Repeat exactly the lines from the line containing "using pr_component_map[OF assms(6)" through the last line of the records below, inclusive, and nothing else.

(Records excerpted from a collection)
──────────────────────────────

(* Let $G$ and $H$ be finitely generated groups and let $f:G\to H$ be a surjective homomorphism with finite kernel. For every generating $n$-tuple $S=(g_1,\dots,g_n)$ of $G$, if $\Gamma_n(G,S)$ has exponential growth then $\Gamma_n(H,f(S))$ has exponential growth, where $f(S)=(f(g_1),\dots,f(g_n))$. In particular, if $G$ has exponential Nielsen growth, then $H$ has exponential Nielsen growth.
   Context: For a group $G$, a generating $n$-tuple is $(g_1,\dots,g_n)\in G^n$ with $G=\langle g_1,\dots,g_n\rangle$. The product replacement graph $\Gamma_n(G)$ has vertices the generating $n$-tuples, with edges from $(g_1,\dots,g_n)$ to each tuple obtained by replacing $g_j$ by $g_jg_i^{\pm1}$ or $g_i^{\pm1}g_j$, for every ordered pair $i\neq j$. For $S\in\Gamma_n(G)$, $\Gamma_n(G,S)$ is the connected component of $\Gamma_n(G)$ containing $S$ (more generally $\Gamma_{n+m}(G,S)$ is the component containing $S$ padded with $m$ identity entries). For a graph $\Gamma$ and vertex $v$, $B_\Gamma(v,r)$ is the set of vertices at path distance at most $r$ from $v$; a graph has exponential growth from $v$ if $|B_\Gamma(v,r)|\ge\alpha^r$ for some $\alpha>1$ and all sufficiently large $r$; a connected graph has exponential growth if it has exponential growth from some (equivalently every) vertex. $G$ has exponential Nielsen growth if $\Gamma_n(G,S)$ has exponential growth for some $n$ and some generating $n$-tuple $S$. *)

theory Defs
  imports Complex_Main "HOL-Algebra.Algebra"
begin

definition fin_gen_group :: "('a, 'm) monoid_scheme \<Rightarrow> bool" where
  "fin_gen_group G \<longleftrightarrow> (\<exists>A. finite A \<and> A \<subseteq> carrier G \<and> generate G A = carrier G)"

definition gen_tuple :: "('a, 'm) monoid_scheme \<Rightarrow> nat \<Rightarrow> 'a list \<Rightarrow> bool" where
  "gen_tuple G n xs \<longleftrightarrow> length xs = n \<and> set xs \<subseteq> carrier G \<and> generate G (set xs) = carrier G"

definition nielsen_move :: "('a, 'm) monoid_scheme \<Rightarrow> 'a list \<Rightarrow> 'a list \<Rightarrow> bool" where
  "nielsen_move G xs ys \<longleftrightarrow>
     (\<exists>i j. i < length xs \<and> j < length xs \<and> i \<noteq> j \<and>
        (ys = xs[j := xs!j \<otimes>\<^bsub>G\<^esub> xs!i] \<or>
         ys = xs[j := xs!j \<otimes>\<^bsub>G\<^esub> inv\<^bsub>G\<^esub> (xs!i)] \<or>
         ys = xs[j := xs!i \<otimes>\<^bsub>G\<^esub> xs!j] \<or>
         ys = xs[j := inv\<^bsub>G\<^esub> (xs!i) \<otimes>\<^bsub>G\<^esub> xs!j]))"

definition pr_edge :: "('a, 'm) monoid_scheme \<Rightarrow> nat \<Rightarrow> ('a list \<times> 'a list) set" where
  "pr_edge G n = {(xs, ys). gen_tuple G n xs \<and> gen_tuple G n ys \<and> nielsen_move G xs ys}"

definition pr_component :: "('a, 'm) monoid_scheme \<Rightarrow> nat \<Rightarrow> 'a list \<Rightarrow> 'a list set" where
  "pr_component G n S = {T. (S, T) \<in> (pr_edge G n)\<^sup>*}"

definition pr_ball :: "('a, 'm) monoid_scheme \<Rightarrow> nat \<Rightarrow> 'a list \<Rightarrow> nat \<Rightarrow> 'a list set" where
  "pr_ball G n v r = {w. \<exists>k\<le>r. (v, w) \<in> (pr_edge G n) ^^ k}"

definition exp_growth_from :: "('a, 'm) monoid_scheme \<Rightarrow> nat \<Rightarrow> 'a list \<Rightarrow> bool" where
  "exp_growth_from G n v \<longleftrightarrow>
     (\<exists>\<alpha>::real. \<alpha> > 1 \<and> (\<exists>N. \<forall>r\<ge>N. \<alpha> ^ r \<le> real (card (pr_ball G n v r))))"

text \<open>Gamma_n(G,S) has exponential growth (from some, equivalently every, vertex).\<close>
definition pr_exp_growth :: "('a, 'm) monoid_scheme \<Rightarrow> nat \<Rightarrow> 'a list \<Rightarrow> bool" where
  "pr_exp_growth G n S \<longleftrightarrow> (\<exists>v \<in> pr_component G n S. exp_growth_from G n v)"

definition exp_nielsen_growth :: "('a, 'm) monoid_scheme \<Rightarrow> bool" where
  "exp_nielsen_growth G \<longleftrightarrow> (\<exists>n S. gen_tuple G n S \<and> pr_exp_growth G n S)"

end

theory Submission imports Defs begin

text \<open>Applying \<open>f\<close> entrywise sends Nielsen moves to Nielsen moves and generating tuples to
generating tuples, so it maps the \<open>r\<close>-ball of \<open>\<Gamma>\<^sub>n(G,S)\<close> around \<open>v\<close> into the \<open>r\<close>-ball of
\<open>\<Gamma>\<^sub>n(H,f(S))\<close> around \<open>f(v)\<close>. Every \<open>n\<close>-tuple over \<open>H\<close> has at most \<open>|ker f|\<^sup>n\<close> preimages,
so the balls in \<open>H\<close> are at least a constant fraction of those in \<open>G\<close>, and an exponential
lower bound survives division by a constant (at the price of taking a square root of the base).\<close>

lemma finite_pr_edge_Image: "finite (pr_edge G n `` {xs})"
proof -
  let ?moves = "\<Union>i<length xs. \<Union>j<length xs.
     {xs[j := xs!j \<otimes>\<^bsub>G\<^esub> xs!i], xs[j := xs!j \<otimes>\<^bsub>G\<^esub> inv\<^bsub>G\<^esub> (xs!i)],
      xs[j := xs!i \<otimes>\<^bsub>G\<^esub> xs!j], xs[j := inv\<^bsub>G\<^esub> (xs!i) \<otimes>\<^bsub>G\<^esub> xs!j]}"
  have "pr_edge G n `` {xs} \<subseteq> ?moves"
    unfolding pr_edge_def nielsen_move_def by blast
  then show ?thesis by (rule finite_subset) auto
qed

lemma finite_relpow_pr_edge_Image: "finite ((pr_edge G n ^^ k) `` {xs})"
proof (induction k)
  case (Suc k)
  have "(pr_edge G n ^^ Suc k) `` {xs} = pr_edge G n `` ((pr_edge G n ^^ k) `` {xs})"
    by (simp add: relcomp_Image)
  also have "\<dots> = (\<Union>ys\<in>(pr_edge G n ^^ k) `` {xs}. pr_edge G n `` {ys})"
    by (rule Image_eq_UN)
  finally show ?case using Suc by (simp add: finite_pr_edge_Image)
qed simp

lemma finite_pr_ball: "finite (pr_ball G n v r)"
proof -
  have "pr_ball G n v r = (\<Union>k\<le>r. (pr_edge G n ^^ k) `` {v})"
    unfolding pr_ball_def by auto
  then show ?thesis by (simp only:) (intro finite_UN_I finite_atMost finite_relpow_pr_edge_Image)
qed

lemma gen_tuple_relpow_pr_edge:
  assumes "(v, w) \<in> pr_edge G n ^^ k" and "gen_tuple G n v"
  shows "gen_tuple G n w"
proof (cases k)
  case (Suc m)
  with assms(1) obtain z where "(z, w) \<in> pr_edge G n" by (meson relpow_Suc_E)
  then show ?thesis unfolding pr_edge_def by simp
qed (use assms in simp)

lemma gen_tuple_pr_component:
  assumes "w \<in> pr_component G n S" and "gen_tuple G n S"
  shows "gen_tuple G n w"
  using assms gen_tuple_relpow_pr_edge unfolding pr_component_def by (metis mem_Collect_eq rtrancl_power)

lemma gen_tuple_pr_ball:
  assumes "w \<in> pr_ball G n v r" and "gen_tuple G n v"
  shows "gen_tuple G n w"
  using assms gen_tuple_relpow_pr_edge unfolding pr_ball_def by blast

lemma card_le_mult_card_if_fibres_le:
  assumes "finite B" and "f ` A \<subseteq> B"
    and "\<And>y. y \<in> B \<Longrightarrow> finite {x \<in> A. f x = y} \<and> card {x \<in> A. f x = y} \<le> c"
  shows "card A \<le> c * card B"
proof -
  have A: "A = (\<Union>y\<in>B. {x \<in> A. f x = y})" using assms(2) by blast
  have "card A \<le> (\<Sum>y\<in>B. card {x \<in> A. f x = y})"
    by (subst A) (rule card_UN_le[OF assms(1)])
  also have "\<dots> \<le> (\<Sum>y\<in>B. c)" using assms(3) by (intro sum_mono) blast
  finally show ?thesis by (simp add: mult.commute)
qed

lemma exp_lower_bound_div_const:
  fixes a b :: "nat \<Rightarrow> real" and \<alpha> c :: real
  assumes "\<alpha> > 1" and "\<forall>r\<ge>N. \<alpha> ^ r \<le> a r" and "\<And>r. a r \<le> c * b r" and "c \<ge> 0"
  shows "\<exists>\<beta>>1. \<exists>N. \<forall>r\<ge>N. \<beta> ^ r \<le> b r"
proof -
  define \<beta> where "\<beta> = sqrt \<alpha>"
  have \<beta>: "\<beta> > 1" "\<beta> * \<beta> = \<alpha>" using assms(1) by (simp_all add: \<beta>_def)
  obtain M where M: "c < \<beta> ^ M" using real_arch_pow[OF \<beta>(1)] by blast
  have "\<beta> ^ r \<le> b r" if r: "r \<ge> max N M" for r
  proof -
    have "\<beta> ^ M \<le> \<beta> ^ r" using \<beta>(1) r by (intro power_increasing) auto
    with M have "c \<le> \<beta> ^ r" by linarith
    have "\<beta> ^ r * \<beta> ^ r = \<alpha> ^ r" using \<beta>(2) by (metis power_mult_distrib)
    also have "\<dots> \<le> a r" using assms(2) r by simp
    also have "\<dots> \<le> c * b r" by (rule assms(3))
    finally have le: "\<beta> ^ r * \<beta> ^ r \<le> c * b r" .
    moreover have "0 < \<beta> ^ r * \<beta> ^ r" using \<beta>(1) by simp
    ultimately have "0 < c * b r" by linarith
    then have "b r \<ge> 0" using assms(4) by (simp add: zero_less_mult_iff)
    with \<open>c \<le> \<beta> ^ r\<close> have "c * b r \<le> \<beta> ^ r * b r" by (rule mult_right_mono)
    with le have "\<beta> ^ r * \<beta> ^ r \<le> \<beta> ^ r * b r" by linarith
    moreover have "0 < \<beta> ^ r" using \<beta>(1) by simp
    ultimately show ?thesis by (simp add: mult_le_cancel_left_pos)
  qed
  then show ?thesis using \<beta>(1) by blast
qed

context group_hom
begin

lemma nielsen_move_map:
  assumes "set xs \<subseteq> carrier G" and "nielsen_move G xs ys"
  shows "nielsen_move H (map h xs) (map h ys)"
proof -
  from assms(2) obtain i j where ij: "i < length xs" "j < length xs" "i \<noteq> j"
    and ys: "ys = xs[j := xs!j \<otimes> xs!i] \<or> ys = xs[j := xs!j \<otimes> inv (xs!i)] \<or>
             ys = xs[j := xs!i \<otimes> xs!j] \<or> ys = xs[j := inv (xs!i) \<otimes> xs!j]"
    unfolding nielsen_move_def by blast
  have "xs!i \<in> carrier G" "xs!j \<in> carrier G" using ij assms(1) nth_mem by blast+
  with ij ys show ?thesis
    unfolding nielsen_move_def by (intro exI[of _ i] exI[of _ j]) (auto simp: map_update)
qed

lemma gen_tuple_map:
  assumes "h ` carrier G = carrier H" and "gen_tuple G n xs"
  shows "gen_tuple H n (map h xs)"
  using assms generate_img[of "set xs"] unfolding gen_tuple_def by auto

lemma pr_edge_map:
  assumes "h ` carrier G = carrier H" and "(xs, ys) \<in> pr_edge G n"
  shows "(map h xs, map h ys) \<in> pr_edge H n"
  using assms gen_tuple_map nielsen_move_map unfolding pr_edge_def gen_tuple_def by auto

lemma relpow_pr_edge_map:
  assumes "h ` carrier G = carrier H" and "(xs, ys) \<in> pr_edge G n ^^ k"
  shows "(map h xs, map h ys) \<in> pr_edge H n ^^ k"
  using assms(2)
proof (induction k arbitrary: ys)
  case (Suc k)
  then obtain zs where "(xs, zs) \<in> pr_edge G n ^^ k" "(zs, ys) \<in> pr_edge G n" by auto
  then show ?case using Suc.IH pr_edge_map[OF assms(1)] by (meson relpow_Suc_I)
qed simp

lemma pr_component_map:
  assumes "h ` carrier G = carrier H" and "v \<in> pr_component G n S"
  shows "map h v \<in> pr_component H n (map h S)"
  using assms relpow_pr_edge_map unfolding pr_component_def by (metis mem_Collect_eq rtrancl_power)

lemma pr_ball_map:
  assumes "h ` carrier G = carrier H"
  shows "map h ` pr_ball G n v r \<subseteq> pr_ball H n (map h v) r"
  using relpow_pr_edge_map[OF assms] unfolding pr_ball_def by blast

lemma card_fibre_le:
  assumes "finite (kernel G H h)"
  shows "finite {x \<in> carrier G. h x = y} \<and> card {x \<in> carrier G. h x = y} \<le> card (kernel G H h)"
proof (cases "\<exists>x0 \<in> carrier G. h x0 = y")
  case True
  then obtain x0 where x0: "x0 \<in> carrier G" "h x0 = y" by blast
  have "{x \<in> carrier G. h x = y} \<subseteq> (\<lambda>k. x0 \<otimes> k) ` kernel G H h"
  proof
    fix x assume x: "x \<in> {x \<in> carrier G. h x = y}"
    have "y \<in> carrier H" using x0 by auto
    then have "h (inv x0 \<otimes> x) = \<one>\<^bsub>H\<^esub>" using x x0 by simp
    then have "inv x0 \<otimes> x \<in> kernel G H h" using x x0 by (simp add: kernel_def)
    moreover have "x = x0 \<otimes> (inv x0 \<otimes> x)" using x x0 by (simp add: G.m_assoc[symmetric])
    ultimately show "x \<in> (\<lambda>k. x0 \<otimes> k) ` kernel G H h" by blast
  qed
  moreover have "card ((\<lambda>k. x0 \<otimes> k) ` kernel G H h) \<le> card (kernel G H h)"
    using assms by (rule card_image_le)
  ultimately show ?thesis using assms by (meson card_mono finite_imageI finite_subset le_trans)
next
  case False
  then have "{x \<in> carrier G. h x = y} = {}" by blast
  then show ?thesis by (metis card.empty finite.emptyI le0)
qed

lemma card_list_fibre_le:
  assumes "finite (kernel G H h)"
  shows "finite {xs. set xs \<subseteq> carrier G \<and> map h xs = ys}
    \<and> card {xs. set xs \<subseteq> carrier G \<and> map h xs = ys} \<le> card (kernel G H h) ^ length ys"
proof (induction ys)
  case Nil
  have "{xs. set xs \<subseteq> carrier G \<and> map h xs = []} = {[]}" by auto
  then show ?case by simp
next
  case (Cons y ys)
  let ?F = "{x \<in> carrier G. h x = y}" and ?Fs = "{xs. set xs \<subseteq> carrier G \<and> map h xs = ys}"
  have eq: "{xs. set xs \<subseteq> carrier G \<and> map h xs = y # ys} = (\<lambda>(x, xs). x # xs) ` (?F \<times> ?Fs)"
    by (auto simp: map_eq_Cons_conv)
  have F: "finite ?F" "card ?F \<le> card (kernel G H h)" using card_fibre_le[OF assms] by auto
  have Fs: "finite ?Fs" "card ?Fs \<le> card (kernel G H h) ^ length ys" using Cons by auto
  have "card ((\<lambda>(x, xs). x # xs) ` (?F \<times> ?Fs)) \<le> card ?F * card ?Fs"
    using card_image_le[of "?F \<times> ?Fs"] F(1) Fs(1) by (simp add: card_cartesian_product)
  also have "\<dots> \<le> card (kernel G H h) * card (kernel G H h) ^ length ys"
    using F(2) Fs(2) by (rule mult_mono) auto
  finally show ?case using F(1) Fs(1) by (simp add: eq)
qed

lemma card_pr_ball_le:
  assumes "h ` carrier G = carrier H" and "finite (kernel G H h)" and "gen_tuple G n v"
  shows "card (pr_ball G n v r) \<le> card (kernel G H h) ^ n * card (pr_ball H n (map h v) r)"
proof (rule card_le_mult_card_if_fibres_le[OF finite_pr_ball pr_ball_map[OF assms(1)]])
  fix ys
  let ?A = "{xs \<in> pr_ball G n v r. map h xs = ys}"
    and ?F = "{xs. set xs \<subseteq> carrier G \<and> map h xs = ys}"
  show "finite ?A \<and> card ?A \<le> card (kernel G H h) ^ n"
  proof (cases "?A = {}")
    case False
    have gen: "gen_tuple G n xs" if "xs \<in> ?A" for xs
      using that assms(3) gen_tuple_pr_ball by blast
    from False obtain xs where "xs \<in> ?A" by blast
    with gen have "length ys = n" unfolding gen_tuple_def by auto
    then have F: "finite ?F" "card ?F \<le> card (kernel G H h) ^ n"
      using card_list_fibre_le[OF assms(2), of ys] by auto
    have "?A \<subseteq> ?F" using gen unfolding gen_tuple_def by blast
    with F show ?thesis using card_mono[of ?F ?A] finite_subset[of ?A ?F] by linarith
  qed (simp only: card.empty finite.emptyI le0 simp_thms)
qed

end

theorem proposition3p6:
  fixes G :: "('a, 'm) monoid_scheme" and H :: "('b, 'n) monoid_scheme"
    and f :: "'a \<Rightarrow> 'b"
  assumes "group G" and "group H"
    and "fin_gen_group G" and "fin_gen_group H"
    and "f \<in> hom G H" and "f ` carrier G = carrier H"
    and "finite (kernel G H f)"
  shows "(\<forall>n S. gen_tuple G n S \<and> pr_exp_growth G n S \<longrightarrow> pr_exp_growth H n (map f S))
         \<and> (exp_nielsen_growth G \<longrightarrow> exp_nielsen_growth H)"
proof -
  interpret group_hom G H f
    using assms(1,2,5) by (simp add: group_hom_def group_hom_axioms_def)
  have growth: "pr_exp_growth H n (map f S)"
    if S: "gen_tuple G n S" and "pr_exp_growth G n S" for n S
  proof -
    from that obtain v \<alpha> N where v: "v \<in> pr_component G n S" and "\<alpha> > 1"
      and "\<forall>r\<ge>N. \<alpha> ^ r \<le> real (card (pr_ball G n v r))"
      unfolding pr_exp_growth_def exp_growth_from_def by blast
    moreover have "real (card (pr_ball G n v r))
        \<le> real (card (kernel G H f) ^ n) * real (card (pr_ball H n (map f v) r))" for r
      using card_pr_ball_le[OF assms(6,7) gen_tuple_pr_component[OF v S]]
      by (metis of_nat_le_iff of_nat_mult)
    ultimately have "exp_growth_from H n (map f v)"
      unfolding exp_growth_from_def by (intro exp_lower_bound_div_const) auto
    then show ?thesis
      using pr_component_map[OF assms(6) v] unfolding pr_exp_growth_def by blast
  qed
  then show ?thesis
    using gen_tuple_map[OF assms(6)] unfolding exp_nielsen_growth_def by blast
qed

end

──────────────────────────────

→ RESPONSE TO THIS TASK
      using pr_component_map[OF assms(6) v] unfolding pr_exp_growth_def by blast
  qed
  then show ?thesis
    using gen_tuple_map[OF assms(6)] unfolding exp_nielsen_growth_def by blast
qed

end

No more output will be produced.